=== Description of the task ===
Among the records below, find each line containing the word "symmetric" and copy it.

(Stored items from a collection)
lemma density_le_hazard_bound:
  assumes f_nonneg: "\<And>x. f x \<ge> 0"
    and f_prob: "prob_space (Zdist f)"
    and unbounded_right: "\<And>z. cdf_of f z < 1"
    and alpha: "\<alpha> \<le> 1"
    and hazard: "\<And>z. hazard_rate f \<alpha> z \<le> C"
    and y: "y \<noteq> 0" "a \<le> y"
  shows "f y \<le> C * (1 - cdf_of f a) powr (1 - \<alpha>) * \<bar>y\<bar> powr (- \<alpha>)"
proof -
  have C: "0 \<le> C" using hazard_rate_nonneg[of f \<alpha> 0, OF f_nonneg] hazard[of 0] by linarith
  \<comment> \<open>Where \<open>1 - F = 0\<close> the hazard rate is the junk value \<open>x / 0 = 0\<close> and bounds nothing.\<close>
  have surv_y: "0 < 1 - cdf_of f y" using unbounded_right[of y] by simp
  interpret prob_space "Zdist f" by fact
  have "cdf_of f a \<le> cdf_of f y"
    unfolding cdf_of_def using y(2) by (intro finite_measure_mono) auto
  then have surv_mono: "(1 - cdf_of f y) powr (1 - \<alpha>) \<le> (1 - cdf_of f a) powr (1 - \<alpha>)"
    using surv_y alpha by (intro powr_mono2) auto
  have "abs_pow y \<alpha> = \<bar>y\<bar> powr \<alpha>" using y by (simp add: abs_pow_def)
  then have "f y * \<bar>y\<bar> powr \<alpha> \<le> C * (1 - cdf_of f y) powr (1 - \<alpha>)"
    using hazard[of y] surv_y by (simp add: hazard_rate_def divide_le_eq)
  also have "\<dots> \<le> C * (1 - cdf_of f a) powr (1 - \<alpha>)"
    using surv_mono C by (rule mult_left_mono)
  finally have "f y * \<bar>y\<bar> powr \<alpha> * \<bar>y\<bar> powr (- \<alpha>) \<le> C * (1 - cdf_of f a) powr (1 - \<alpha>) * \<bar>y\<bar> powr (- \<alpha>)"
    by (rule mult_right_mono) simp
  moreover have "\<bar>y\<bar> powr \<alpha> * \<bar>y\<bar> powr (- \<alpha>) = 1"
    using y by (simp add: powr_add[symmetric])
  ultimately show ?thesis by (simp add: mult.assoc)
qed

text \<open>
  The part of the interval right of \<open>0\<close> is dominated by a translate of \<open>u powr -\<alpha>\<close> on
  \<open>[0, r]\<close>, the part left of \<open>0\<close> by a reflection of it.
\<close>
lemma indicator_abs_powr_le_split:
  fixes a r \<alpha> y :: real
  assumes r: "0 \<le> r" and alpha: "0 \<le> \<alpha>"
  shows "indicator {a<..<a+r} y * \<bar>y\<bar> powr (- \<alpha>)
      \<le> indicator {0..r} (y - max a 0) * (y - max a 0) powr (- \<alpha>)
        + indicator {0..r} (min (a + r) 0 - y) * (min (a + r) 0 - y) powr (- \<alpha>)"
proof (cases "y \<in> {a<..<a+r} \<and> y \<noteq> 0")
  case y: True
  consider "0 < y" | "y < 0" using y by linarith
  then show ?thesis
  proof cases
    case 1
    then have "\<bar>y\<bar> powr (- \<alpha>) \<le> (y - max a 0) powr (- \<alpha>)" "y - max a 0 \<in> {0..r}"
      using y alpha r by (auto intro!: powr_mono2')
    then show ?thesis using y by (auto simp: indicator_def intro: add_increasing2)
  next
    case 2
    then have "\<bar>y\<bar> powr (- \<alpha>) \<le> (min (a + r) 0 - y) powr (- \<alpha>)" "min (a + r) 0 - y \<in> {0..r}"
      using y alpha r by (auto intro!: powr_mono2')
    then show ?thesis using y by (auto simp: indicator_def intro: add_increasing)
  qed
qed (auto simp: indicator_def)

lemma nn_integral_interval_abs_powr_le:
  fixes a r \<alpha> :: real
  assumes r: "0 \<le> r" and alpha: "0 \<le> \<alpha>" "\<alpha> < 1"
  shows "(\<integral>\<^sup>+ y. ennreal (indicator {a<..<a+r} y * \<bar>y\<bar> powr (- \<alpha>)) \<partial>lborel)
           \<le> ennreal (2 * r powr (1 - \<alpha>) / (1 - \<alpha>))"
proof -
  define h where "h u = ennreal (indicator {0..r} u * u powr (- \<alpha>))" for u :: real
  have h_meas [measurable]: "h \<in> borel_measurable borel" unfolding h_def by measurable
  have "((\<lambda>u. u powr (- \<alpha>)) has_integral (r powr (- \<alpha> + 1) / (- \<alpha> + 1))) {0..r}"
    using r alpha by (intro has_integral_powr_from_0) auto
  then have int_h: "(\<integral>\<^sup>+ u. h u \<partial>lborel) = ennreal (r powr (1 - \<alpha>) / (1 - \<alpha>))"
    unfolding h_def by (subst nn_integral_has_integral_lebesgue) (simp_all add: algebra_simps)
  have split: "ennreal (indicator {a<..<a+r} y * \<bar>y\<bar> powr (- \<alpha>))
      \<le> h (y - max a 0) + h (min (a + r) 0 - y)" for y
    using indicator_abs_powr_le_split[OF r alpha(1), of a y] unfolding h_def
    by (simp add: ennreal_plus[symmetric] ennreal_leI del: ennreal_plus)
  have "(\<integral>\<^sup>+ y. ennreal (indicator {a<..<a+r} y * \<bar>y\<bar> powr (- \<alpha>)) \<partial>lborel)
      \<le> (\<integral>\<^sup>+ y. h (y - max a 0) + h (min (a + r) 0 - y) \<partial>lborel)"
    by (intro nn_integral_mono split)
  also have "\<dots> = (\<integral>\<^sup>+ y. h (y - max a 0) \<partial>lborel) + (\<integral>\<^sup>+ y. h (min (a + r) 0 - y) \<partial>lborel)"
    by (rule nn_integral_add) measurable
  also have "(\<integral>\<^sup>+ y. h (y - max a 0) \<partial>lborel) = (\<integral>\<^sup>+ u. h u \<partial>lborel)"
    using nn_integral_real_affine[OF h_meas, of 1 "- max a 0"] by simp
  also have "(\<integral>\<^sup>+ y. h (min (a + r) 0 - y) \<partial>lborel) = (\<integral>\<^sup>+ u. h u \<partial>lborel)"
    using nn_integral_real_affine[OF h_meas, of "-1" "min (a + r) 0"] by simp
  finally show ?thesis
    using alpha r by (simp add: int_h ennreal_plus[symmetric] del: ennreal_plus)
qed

=== Reply to the exercise ===
    using y by (simp add: powr_add[symmetric])
    by (simp add: ennreal_plus[symmetric] ennreal_leI del: ennreal_plus)
    using alpha r by (simp add: int_h ennreal_plus[symmetric] del: ennreal_plus)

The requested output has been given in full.